Task objective: Output only the stretch of the listing that starts at the line containing "rJ \<or> (Jvec" and ends at the line containing "Jvec three_armed_bandit 2", reproduced exactly with both ends.

Records for this exercise:
= = = = = = =

(* There exist an environment $E$ and a total preorder $\succeq$ on $\Pi^E$ such that $\succeq\in\mathrm{Ord}_{\mathrm{GOMORL}}(E)$ but $\succeq\notin\mathrm{Ord}_{\mathrm{FPR}}(E)$; that is, no function $J:\Pi^E\to\mathbb R$ satisfies $\pi_1\succeq\pi_2\iff J(\pi_1)\ge J(\pi_2)$. (Such an ordering can be obtained from a GOMORL specification with $k=2$ and $\succeq_J$ the lexicographic order on $\mathbb R^2$.)
   Context: An environment is a tuple $E=(\mathcal S,\mathcal A,\mathcal T,\mathcal I)$ where $\mathcal S,\mathcal A$ are finite nonempty sets, $\mathcal T:\mathcal S\times\mathcal A\to\Delta(\mathcal S)$ and $\mathcal I\in\Delta(\mathcal S)$. A policy is a map $\pi:\mathcal S\to\Delta(\mathcal A)$ (stationary, possibly stochastic); $\Pi^E$ denotes the set of all policies. A trajectory $\xi=(s_0,a_0,s_1,a_1,\dots)$ is generated under $\pi$ by $s_0\sim\mathcal I$, $a_t\sim\pi(s_t)$, $s_{t+1}\sim\mathcal T(s_t,a_t)$; $\mathbb E^\pi_\xi$ denotes expectation under this distribution. An objective-specification formalism $X$ assigns to each environment $E$ a set of objective specifications, each inducing a total preorder $\succeq$ on $\Pi^E$; $\mathrm{Ord}_X(E)$ is the set of total preorders so induced. A specification defining a scalar $J:\Pi^E\to\mathbb R$ induces $\pi_1\succeq\pi_2\iff J(\pi_1)\ge J(\pi_2)$. FPR: specification $(J)$ with $J:\Pi^E\to\mathbb R$ an arbitrary function. GOMORL: specification $(k,\mathcal R,\gamma,\succeq_J)$ with $k\in\mathbb N$, $\mathcal R:\mathcal S\times\mathcal A\times\mathcal S\to\mathbb R^k$ with components $\mathcal R_i$, $\gamma\in[0,1)$, $\succeq_J$ a total preorder on $\mathbb R^k$; with $\vec J(\pi)=(J_1(\pi),\dots,J_k(\pi))$, $J_i(\pi)=\mathbb E^\pi_\xi[\sum_{t=0}^\infty\gamma^t\mathcal R_i(s_t,a_t,s_{t+1})]$, it induces $\pi_1\succeq\pi_2\iff\vec J(\pi_1)\succeq_J\vec J(\pi_2)$. The lexicographic order on $\mathbb R^2$ is $(x_1,x_2)\succeq(y_1,y_2)$ iff $x_1>y_1$, or $x_1=y_1$ and $x_2\ge y_2$. *)

theory Defs
  imports "HOL-Probability.Probability"
begin

text \<open>Environments E = (S, A, T, I). States and actions are drawn from nat;
  S and A are finite nonempty carrier sets (every finite environment is
  isomorphic to one of this form).\<close>

type_synonym env = "nat set \<times> nat set \<times> (nat \<Rightarrow> nat \<Rightarrow> nat pmf) \<times> nat pmf"
type_synonym policy = "nat \<Rightarrow> nat pmf"

definition env_S :: "env \<Rightarrow> nat set" where "env_S E = fst E"
definition env_A :: "env \<Rightarrow> nat set" where "env_A E = fst (snd E)"
definition env_T :: "env \<Rightarrow> nat \<Rightarrow> nat \<Rightarrow> nat pmf" where "env_T E = fst (snd (snd E))"
definition env_I :: "env \<Rightarrow> nat pmf" where "env_I E = snd (snd (snd E))"

definition wf_env :: "env \<Rightarrow> bool" where
  "wf_env E \<longleftrightarrow> finite (env_S E) \<and> env_S E \<noteq> {} \<and> finite (env_A E) \<and> env_A E \<noteq> {}
     \<and> set_pmf (env_I E) \<subseteq> env_S E
     \<and> (\<forall>s\<in>env_S E. \<forall>a\<in>env_A E. set_pmf (env_T E s a) \<subseteq> env_S E)"

text \<open>Policies S \<rightarrow> \<Delta>(A), represented extensionally (fixed dummy value outside S).\<close>
definition policies :: "env \<Rightarrow> policy set" where
  "policies E = {\<pi>. (\<forall>s\<in>env_S E. set_pmf (\<pi> s) \<subseteq> env_A E)
                    \<and> (\<forall>s. s \<notin> env_S E \<longrightarrow> \<pi> s = return_pmf undefined)}"

fun state_dist :: "env \<Rightarrow> policy \<Rightarrow> nat \<Rightarrow> nat pmf" where
  "state_dist E \<pi> 0 = env_I E"
| "state_dist E \<pi> (Suc t) =
     bind_pmf (state_dist E \<pi> t) (\<lambda>s. bind_pmf (\<pi> s) (\<lambda>a. env_T E s a))"

definition step_dist :: "env \<Rightarrow> policy \<Rightarrow> nat \<Rightarrow> (nat \<times> nat \<times> nat) pmf" where
  "step_dist E \<pi> t =
     bind_pmf (state_dist E \<pi> t) (\<lambda>s. bind_pmf (\<pi> s) (\<lambda>a.
        map_pmf (\<lambda>s'. (s, a, s')) (env_T E s a)))"

text \<open>Expected discounted return
  E_\<xi>[\<Sum>_t \<gamma>^t R(s_t,a_t,s_{t+1})] = \<Sum>_t \<gamma>^t E[R(s_t,a_t,s_{t+1})]
  (exchange justified since R is bounded on the finite S\<times>A\<times>S and \<gamma> < 1).\<close>
definition disc_return :: "env \<Rightarrow> (nat \<Rightarrow> nat \<Rightarrow> nat \<Rightarrow> real) \<Rightarrow> real \<Rightarrow> policy \<Rightarrow> real" where
  "disc_return E R \<gamma> \<pi> =
     (\<Sum>t. \<gamma> ^ t * measure_pmf.expectation (step_dist E \<pi> t) (\<lambda>(s, a, s'). R s a s'))"

definition total_preorder_on :: "'b set \<Rightarrow> ('b \<times> 'b) set \<Rightarrow> bool" where
  "total_preorder_on X r \<longleftrightarrow> r \<subseteq> X \<times> X \<and> refl_on X r \<and> trans r \<and> total_on X r"

definition Ord_FPR :: "env \<Rightarrow> (policy \<times> policy) set set" where
  "Ord_FPR E = {r. \<exists>J :: policy \<Rightarrow> real.
      r = {(\<pi>1, \<pi>2). \<pi>1 \<in> policies E \<and> \<pi>2 \<in> policies E \<and> J \<pi>1 \<ge> J \<pi>2}}"

text \<open>GOMORL: vectors in \<real>^k are functions nat \<Rightarrow> real vanishing at indices \<ge> k;
  the reward has components Rs i for i < k.\<close>
definition realvecs :: "nat \<Rightarrow> (nat \<Rightarrow> real) set" where
  "realvecs k = {x. \<forall>i\<ge>k. x i = 0}"

definition Jvec :: "env \<Rightarrow> nat \<Rightarrow> (nat \<Rightarrow> nat \<Rightarrow> nat \<Rightarrow> nat \<Rightarrow> real) \<Rightarrow> real \<Rightarrow> policy \<Rightarrow> (nat \<Rightarrow> real)" where
  "Jvec E k Rs \<gamma> \<pi> = (\<lambda>i. if i < k then disc_return E (Rs i) \<gamma> \<pi> else 0)"

definition Ord_GOMORL :: "env \<Rightarrow> (policy \<times> policy) set set" where
  "Ord_GOMORL E = {r. \<exists>(k::nat) Rs \<gamma> rJ.
      0 \<le> \<gamma> \<and> \<gamma> < 1 \<and> total_preorder_on (realvecs k) rJ \<and>
      r = {(\<pi>1, \<pi>2). \<pi>1 \<in> policies E \<and> \<pi>2 \<in> policies E \<and>
                      (Jvec E k Rs \<gamma> \<pi>1, Jvec E k Rs \<gamma> \<pi>2) \<in> rJ}}"

end

theory Submission
  imports Defs
begin

text \<open>In a one-state environment with three actions, let the first reward component count
  plays of action 1 and the second plays of action 2, and order policies lexicographically
  by their value vectors. For each probability \<open>x \<in> (0,1)\<close> of playing action 1, the policy
  that otherwise plays action 0 is strictly worse than the one that otherwise plays action 2,
  and both are strictly worse than every policy with a larger \<open>x\<close>. A real-valued
  representation \<open>J\<close> would thus assign to every \<open>x\<close> a nondegenerate interval of values, these
  intervals being pairwise disjoint; choosing a rational in each embeds the uncountable
  interval \<open>(0,1)\<close> into \<open>\<rat>\<close>.\<close>

lemma countable_ordered_disjoint_intervals:
  fixes lo hi :: "'a::linorder \<Rightarrow> real"
  assumes nondegenerate: "\<And>x. x \<in> X \<Longrightarrow> lo x < hi x"
    and ordered: "\<And>x y. x \<in> X \<Longrightarrow> y \<in> X \<Longrightarrow> x < y \<Longrightarrow> hi x \<le> lo y"
  shows "countable X"
proof -
  obtain q where q: "\<And>x. x \<in> X \<Longrightarrow> q x \<in> \<rat> \<and> lo x < q x \<and> q x < hi x"
    using Rats_dense_in_real[OF nondegenerate] by metis
  have "strict_mono_on X q"
  proof (rule strict_mono_onI)
    fix x y assume "x \<in> X" "y \<in> X" "x < y"
    then show "q x < q y"
      using q[of x] q[of y] ordered[of x y] by linarith
  qed
  then have "inj_on q X"
    by (rule strict_mono_on_imp_inj_on)
  moreover have "countable (q ` X)"
    using countable_subset[OF _ countable_rat] q by blast
  ultimately show ?thesis
    by (rule countable_image_inj_on[rotated])
qed

lemma disc_return_zero_discount:
  "disc_return E R 0 \<pi> = measure_pmf.expectation (step_dist E \<pi> 0) (\<lambda>(s, a, s'). R s a s')"
proof -
  let ?c = "measure_pmf.expectation (step_dist E \<pi> 0) (\<lambda>(s, a, s'). R s a s')"
  have "(\<lambda>t. (0::real) ^ t * measure_pmf.expectation (step_dist E \<pi> t) (\<lambda>(s, a, s'). R s a s'))
        = (\<lambda>t. if t = 0 then ?c else 0)"
    by (auto simp: power_0_left)
  moreover have "(\<lambda>t. if t = 0 then ?c else 0) sums ?c"
    using sums_single[of 0 "\<lambda>_. ?c"] by simp
  ultimately show ?thesis
    unfolding disc_return_def by (simp add: sums_iff)
qed

lemma Jvec_in_realvecs: "Jvec E k Rs \<gamma> \<pi> \<in> realvecs k"
  by (simp add: Jvec_def realvecs_def)

definition gomorl_order ::
    "env \<Rightarrow> nat \<Rightarrow> (nat \<Rightarrow> nat \<Rightarrow> nat \<Rightarrow> nat \<Rightarrow> real) \<Rightarrow> real \<Rightarrow> ((nat \<Rightarrow> real) \<times> (nat \<Rightarrow> real)) set
       \<Rightarrow> (policy \<times> policy) set" where
  "gomorl_order E k Rs \<gamma> rJ = {(\<pi>1, \<pi>2). \<pi>1 \<in> policies E \<and> \<pi>2 \<in> policies E \<and>
      (Jvec E k Rs \<gamma> \<pi>1, Jvec E k Rs \<gamma> \<pi>2) \<in> rJ}"

lemma gomorl_order_in_Ord_GOMORL:
  assumes "0 \<le> \<gamma>" "\<gamma> < 1" "total_preorder_on (realvecs k) rJ"
  shows "gomorl_order E k Rs \<gamma> rJ \<in> Ord_GOMORL E"
  using assms unfolding Ord_GOMORL_def gomorl_order_def by blast

lemma total_preorder_on_gomorl_order:
  assumes "total_preorder_on (realvecs k) rJ"
  shows "total_preorder_on (policies E) (gomorl_order E k Rs \<gamma> rJ)"
proof -
  have "(Jvec E k Rs \<gamma> \<pi>1, Jvec E k Rs \<gamma> \<pi>2) \<in> rJ \<or> (Jvec E k Rs \<gamma> \<pi>2, Jvec E k Rs \<gamma> \<pi>1) \<in> rJ"
    for \<pi>1 \<pi>2
    using assms Jvec_in_realvecs unfolding total_preorder_on_def refl_on_def total_on_def by metis
  then show ?thesis
    using assms unfolding total_preorder_on_def gomorl_order_def refl_on_def trans_def total_on_def
    by auto
qed

definition lex_order2 :: "((nat \<Rightarrow> real) \<times> (nat \<Rightarrow> real)) set" where
  "lex_order2 = {(x, y). x \<in> realvecs 2 \<and> y \<in> realvecs 2 \<and> (y 0 < x 0 \<or> (x 0 = y 0 \<and> y 1 \<le> x 1))}"

lemma total_preorder_on_lex_order2: "total_preorder_on (realvecs 2) lex_order2"
  unfolding total_preorder_on_def lex_order2_def refl_on_def trans_def total_on_def
  by auto

definition three_armed_bandit :: env where
  "three_armed_bandit = ({0}, {0, 1, 2}, (\<lambda>s a. return_pmf 0), return_pmf 0)"

lemma wf_env_three_armed_bandit: "wf_env three_armed_bandit"
  by (auto simp: wf_env_def three_armed_bandit_def env_S_def env_A_def env_T_def env_I_def)

lemma step_dist_three_armed_bandit_0:
  "step_dist three_armed_bandit \<pi> 0 = map_pmf (\<lambda>a. (0, a, 0)) (\<pi> 0)"
  by (simp add: step_dist_def three_armed_bandit_def env_I_def env_T_def bind_return_pmf map_pmf_def)

definition arm_rewards :: "nat \<Rightarrow> nat \<Rightarrow> nat \<Rightarrow> nat \<Rightarrow> real" where
  "arm_rewards i s a s' = (if i = 0 then of_bool (a = 1) else of_bool (a = 2))"

definition mixed_policy :: "real \<Rightarrow> nat \<Rightarrow> policy" where
  "mixed_policy x c = (\<lambda>s. if s = 0 then map_pmf (\<lambda>b. if b then 1 else c) (bernoulli_pmf x)
                          else return_pmf undefined)"

abbreviation bandit_value :: "policy \<Rightarrow> nat \<Rightarrow> real" where
  "bandit_value \<equiv> Jvec three_armed_bandit 2 arm_rewards 0"

lemma mixed_policy_in_policies:
  "x \<in> {0..1} \<Longrightarrow> c \<in> {0, 2} \<Longrightarrow> mixed_policy x c \<in> policies three_armed_bandit"
  by (auto simp: policies_def mixed_policy_def three_armed_bandit_def env_S_def env_A_def)

lemma bandit_value_mixed_policy:
  assumes "x \<in> {0..1}" "c \<in> {0, 2}"
  shows "bandit_value (mixed_policy x c) 0 = x"
    and "bandit_value (mixed_policy x c) 1 = (if c = 2 then 1 - x else 0)"
  using assms
  by (auto simp: Jvec_def disc_return_zero_discount step_dist_three_armed_bandit_0
      mixed_policy_def arm_rewards_def)

lemma lex_bandit_order_not_in_Ord_FPR:
  "gomorl_order three_armed_bandit 2 arm_rewards 0 lex_order2 \<notin> Ord_FPR three_armed_bandit"
proof
  let ?r = "gomorl_order three_armed_bandit 2 arm_rewards 0 lex_order2"
  assume "?r \<in> Ord_FPR three_armed_bandit"
  then obtain J :: "policy \<Rightarrow> real" where J: "?r = {(\<pi>1, \<pi>2).
      \<pi>1 \<in> policies three_armed_bandit \<and> \<pi>2 \<in> policies three_armed_bandit \<and> J \<pi>2 \<le> J \<pi>1}"
    by (auto simp: Ord_FPR_def)
  have less_iff_not_ge: "J (mixed_policy x c) < J (mixed_policy y d)
      \<longleftrightarrow> (mixed_policy x c, mixed_policy y d) \<notin> ?r"
    if "x \<in> {0<..<1}" "y \<in> {0<..<1}" "c \<in> {0, 2}" "d \<in> {0, 2}" for x y c d
    using that mixed_policy_in_policies[of x c] mixed_policy_in_policies[of y d]
    by (auto simp: J)
  have not_ge: "(mixed_policy x c, mixed_policy y d) \<notin> ?r"
    if "x \<in> {0<..<1}" "y \<in> {0<..<1}" "c \<in> {0, 2}" "d \<in> {0, 2}"
       "x < y \<or> (x = y \<and> c = 0 \<and> d = 2)" for x y c d
    using that bandit_value_mixed_policy[of x c] bandit_value_mixed_policy[of y d]
    by (auto simp: gomorl_order_def lex_order2_def)
  have "countable {0<..<1::real}"
  proof (rule countable_ordered_disjoint_intervals)
    fix x y :: real
    assume "x \<in> {0<..<1}"
    then show "J (mixed_policy x 0) < J (mixed_policy x 2)"
      using less_iff_not_ge not_ge by simp
    assume "y \<in> {0<..<1}" "x < y"
    then show "J (mixed_policy x 2) \<le> J (mixed_policy y 0)"
      using \<open>x \<in> {0<..<1}\<close> less_iff_not_ge not_ge by (simp add: less_imp_le)
  qed
  then show False
    using uncountable_open_interval[of 0 "1::real"] by simp
qed

theorem mainTheorem17:
  shows "\<exists>E r. wf_env E \<and> total_preorder_on (policies E) r
               \<and> r \<in> Ord_GOMORL E \<and> r \<notin> Ord_FPR E"
proof (intro exI conjI)
  let ?r = "gomorl_order three_armed_bandit 2 arm_rewards 0 lex_order2"
  show "wf_env three_armed_bandit"
    by (rule wf_env_three_armed_bandit)
  show "total_preorder_on (policies three_armed_bandit) ?r"
    by (rule total_preorder_on_gomorl_order[OF total_preorder_on_lex_order2])
  show "?r \<in> Ord_GOMORL three_armed_bandit"
    by (rule gomorl_order_in_Ord_GOMORL[OF _ _ total_preorder_on_lex_order2]) simp_all
  show "?r \<notin> Ord_FPR three_armed_bandit"
    by (rule lex_bandit_order_not_in_Ord_FPR)
qed

end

= = = = = = =

Answer section:
  have "(Jvec E k Rs \<gamma> \<pi>1, Jvec E k Rs \<gamma> \<pi>2) \<in> rJ \<or> (Jvec E k Rs \<gamma> \<pi>2, Jvec E k Rs \<gamma> \<pi>1) \<in> rJ"
    for \<pi>1 \<pi>2
    using assms Jvec_in_realvecs unfolding total_preorder_on_def refl_on_def total_on_def by metis
  then show ?thesis
    using assms unfolding total_preorder_on_def gomorl_order_def refl_on_def trans_def total_on_def
    by auto
qed

definition lex_order2 :: "((nat \<Rightarrow> real) \<times> (nat \<Rightarrow> real)) set" where
  "lex_order2 = {(x, y). x \<in> realvecs 2 \<and> y \<in> realvecs 2 \<and> (y 0 < x 0 \<or> (x 0 = y 0 \<and> y 1 \<le> x 1))}"

lemma total_preorder_on_lex_order2: "total_preorder_on (realvecs 2) lex_order2"
  unfolding total_preorder_on_def lex_order2_def refl_on_def trans_def total_on_def
  by auto

definition three_armed_bandit :: env where
  "three_armed_bandit = ({0}, {0, 1, 2}, (\<lambda>s a. return_pmf 0), return_pmf 0)"

lemma wf_env_three_armed_bandit: "wf_env three_armed_bandit"
  by (auto simp: wf_env_def three_armed_bandit_def env_S_def env_A_def env_T_def env_I_def)

lemma step_dist_three_armed_bandit_0:
  "step_dist three_armed_bandit \<pi> 0 = map_pmf (\<lambda>a. (0, a, 0)) (\<pi> 0)"
  by (simp add: step_dist_def three_armed_bandit_def env_I_def env_T_def bind_return_pmf map_pmf_def)

definition arm_rewards :: "nat \<Rightarrow> nat \<Rightarrow> nat \<Rightarrow> nat \<Rightarrow> real" where
  "arm_rewards i s a s' = (if i = 0 then of_bool (a = 1) else of_bool (a = 2))"

definition mixed_policy :: "real \<Rightarrow> nat \<Rightarrow> policy" where
  "mixed_policy x c = (\<lambda>s. if s = 0 then map_pmf (\<lambda>b. if b then 1 else c) (bernoulli_pmf x)
                          else return_pmf undefined)"

abbreviation bandit_value :: "policy \<Rightarrow> nat \<Rightarrow> real" where
  "bandit_value \<equiv> Jvec three_armed_bandit 2 arm_rewards 0"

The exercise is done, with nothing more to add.